Bass River Township is the only municipality in Burlington County that hosts U.S. Route 9 and the Garden State Parkway. The two roads enter from the southwest concurrently, then separate at Exit 50. Exit 50 is one of two partial interchanges on the parkway that are located in Bass River, with Exit 50 being northbound off-southbound on. The other exit, Exit 52 for County Route 654 in New Gretna, is northbound on-southbound off.
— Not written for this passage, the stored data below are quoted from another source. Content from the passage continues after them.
lemma dadd_le_iff_right: "dadd a b \<le> dadd a c \<longleftrightarrow> b \<le> c"
  by (auto simp: dadd_def le_fun_def)

lemma le_dadd_left: "a \<le> dadd a b"
  by (auto simp: dadd_def le_fun_def)

lemma dsub_dadd_dadd: "dsub (dadd a c) (dadd a b) = dsub c b"
  by (auto simp: dadd_def dsub_def)

lemma djoin_upper: "m \<le> djoin m n" "n \<le> djoin m n"
  by (auto simp: djoin_def le_fun_def)

lemma dadd_dsub_le:
  assumes "q \<le> J" "J \<le> l"
  shows "dadd q (dsub l J) \<le> l"
proof -
  have "q i + (l i - J i) \<le> l i" for i
    using assms le_funD[OF assms(1), of i] le_funD[OF assms(2), of i] by linarith
  then show ?thesis by (simp add: dadd_def dsub_def le_fun_def)
qed

locale k_graph =
  fixes k :: nat and V :: "'v set" and Mor :: "'a set"
    and r s :: "'a \<Rightarrow> 'v" and ident :: "'v \<Rightarrow> 'a" and cmp :: "'a \<Rightarrow> 'a \<Rightarrow> 'a"
    and d :: "'a \<Rightarrow> nat \<Rightarrow> nat"
  assumes kgraph: "kgraph k V Mor r s ident cmp d"
begin

abbreviation segment :: "'a \<Rightarrow> (nat \<Rightarrow> nat) \<Rightarrow> (nat \<Rightarrow> nat) \<Rightarrow> 'a" where
  "segment \<equiv> seg Mor r s cmp d"

lemma cmp_closed:
  assumes "f \<in> Mor" "g \<in> Mor" "s f = r g"
  shows "cmp f g \<in> Mor" "r (cmp f g) = r f" "s (cmp f g) = s g"
  using kgraph assms unfolding kgraph_def is_category_def by blast+

lemma cmp_assoc:
  "\<lbrakk>f \<in> Mor; g \<in> Mor; h \<in> Mor; s f = r g; s g = r h\<rbrakk> \<Longrightarrow> cmp (cmp f g) h = cmp f (cmp g h)"
  using kgraph unfolding kgraph_def is_category_def by blast

lemma deg_cmp: "\<lbrakk>f \<in> Mor; g \<in> Mor; s f = r g\<rbrakk> \<Longrightarrow> d (cmp f g) = dadd (d f) (d g)"
  using kgraph unfolding kgraph_def by blast

lemma factorization:
  "\<lbrakk>l \<in> Mor; d l = dadd m n\<rbrakk> \<Longrightarrow>
     \<exists>!p. fst p \<in> Mor \<and> snd p \<in> Mor \<and> s (fst p) = r (snd p) \<and>
          l = cmp (fst p) (snd p) \<and> d (fst p) = m \<and> d (snd p) = n"
  using kgraph unfolding kgraph_def by blast

lemma factorization_unique:
  assumes "f \<in> Mor" "g \<in> Mor" "s f = r g"
    and "f' \<in> Mor" "g' \<in> Mor" "s f' = r g'"
    and "cmp f' g' = cmp f g" "d f' = d f" "d g' = d g"
  shows "f' = f" "g' = g"
proof -
  have "cmp f g \<in> Mor" "d (cmp f g) = dadd (d f) (d g)"
    using assms cmp_closed deg_cmp by auto
  from factorization[OF this] have "(f', g') = (f, g)"
    using assms by (metis fst_conv snd_conv)
  then show "f' = f" "g' = g" by simp_all
qed

lemma three_factorization:
  assumes "l \<in> Mor" "a \<le> b" "b \<le> d l"
  obtains l1 x l2 where "l1 \<in> Mor" "x \<in> Mor" "l2 \<in> Mor" "s l1 = r x" "s x = r l2"
    "l = cmp (cmp l1 x) l2" "d l1 = a" "d x = dsub b a"
proof -
  obtain f l2 where f: "f \<in> Mor" "l2 \<in> Mor" "s f = r l2" "l = cmp f l2" "d f = b"
    using ex1_implies_ex[OF factorization[OF \<open>l \<in> Mor\<close> dadd_dsub[OF \<open>b \<le> d l\<close>, symmetric]]]
    by blast
  obtain l1 x where x: "l1 \<in> Mor" "x \<in> Mor" "s l1 = r x" "f = cmp l1 x"
      "d l1 = a" "d x = dsub b a"
    using ex1_implies_ex[OF factorization[of f a "dsub b a"]] f dadd_dsub[OF \<open>a \<le> b\<close>]
    by fastforce
  have "s x = r l2" using x f cmp_closed(3) by metis
  with f x show thesis using that by blast
qed

text \<open>Uniqueness of the three-fold factorization: the two outer factorizations of l have the same
  degrees, hence coincide, and then so do the inner ones.\<close>

lemma segment_eqI:
  assumes "l1 \<in> Mor" "x \<in> Mor" "l2 \<in> Mor" "s l1 = r x" "s x = r l2"
    and "l = cmp (cmp l1 x) l2" "d l1 = a" "d x = dsub b a" "a \<le> b"
  shows "segment l a b = x"
  unfolding seg_def
proof (rule the_equality)
  fix y assume "\<exists>l1'\<in>Mor. \<exists>l2'\<in>Mor. y \<in> Mor \<and> s l1' = r y \<and> s y = r l2' \<and>
      l = cmp (cmp l1' y) l2' \<and> d l1' = a \<and> d y = dsub b a"
  then obtain l1' l2' where y: "l1' \<in> Mor" "l2' \<in> Mor" "y \<in> Mor" "s l1' = r y" "s y = r l2'"
      "l = cmp (cmp l1' y) l2'" "d l1' = a" "d y = dsub b a"
    by blast
  have prefix: "cmp l1 x \<in> Mor" "s (cmp l1 x) = r l2" "d (cmp l1 x) = b"
    using assms cmp_closed deg_cmp dadd_dsub by auto
  have prefix': "cmp l1' y \<in> Mor" "s (cmp l1' y) = r l2'" "d (cmp l1' y) = b"
    using y assms cmp_closed deg_cmp dadd_dsub by auto
  have "dadd b (d l2') = dadd b (d l2)"
    using deg_cmp prefix prefix' assms y by metis
  then have "cmp l1' y = cmp l1 x"
    using factorization_unique(1)[OF prefix(1) \<open>l2 \<in> Mor\<close> prefix(2) prefix'(1) y(2) prefix'(2)]
      prefix prefix' assms y dadd_left_cancel by metis
  then show "y = x"
    using factorization_unique(2) assms y by metis
qed (use assms in blast)

lemma segment_cmp_left:
  assumes "\<mu> \<in> Mor" "l \<in> Mor" "s \<mu> = r l" "a \<le> b" "b \<le> d l"
  shows "segment (cmp \<mu> l) (dadd (d \<mu>) a) (dadd (d \<mu>) b) = segment l a b"
proof -
  obtain l1 x l2 where f: "l1 \<in> Mor" "x \<in> Mor" "l2 \<in> Mor" "s l1 = r x" "s x = r l2"
      "l = cmp (cmp l1 x) l2" "d l1 = a" "d x = dsub b a"
    using three_factorization[OF \<open>l \<in> Mor\<close> \<open>a \<le> b\<close> \<open>b \<le> d l\<close>] by blast
  have "r l = r l1" using f cmp_closed by metis
  then have \<mu>l1: "cmp \<mu> l1 \<in> Mor" "s (cmp \<mu> l1) = r x" "d (cmp \<mu> l1) = dadd (d \<mu>) a"
    using assms f cmp_closed deg_cmp by auto
  have "cmp \<mu> l = cmp (cmp (cmp \<mu> l1) x) l2"
    using assms f \<open>r l = r l1\<close> cmp_assoc cmp_closed by metis
  then have "segment (cmp \<mu> l) (dadd (d \<mu>) a) (dadd (d \<mu>) b) = x"
    using segment_eqI[OF \<mu>l1(1) f(2,3) \<mu>l1(2) f(5)] \<mu>l1(3) f(8) \<open>a \<le> b\<close>
    by (simp add: dsub_dadd_dadd dadd_le_iff_right)
  moreover have "segment l a b = x" using segment_eqI f \<open>a \<le> b\<close> by blast
  ultimately show ?thesis by simp
qed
The township also hosts a high-speed toll plaza on the mainline northbound Garden State Parkway.

Other state and county-maintained roads that pass through include Route 167 (a 0.15 mi dead-ended old alignment of U.S. 9) and County Route 542.

===Public transportation===
NJ Transit provides service in the township on the 559 route that runs between Atlantic City and Lakewood Township.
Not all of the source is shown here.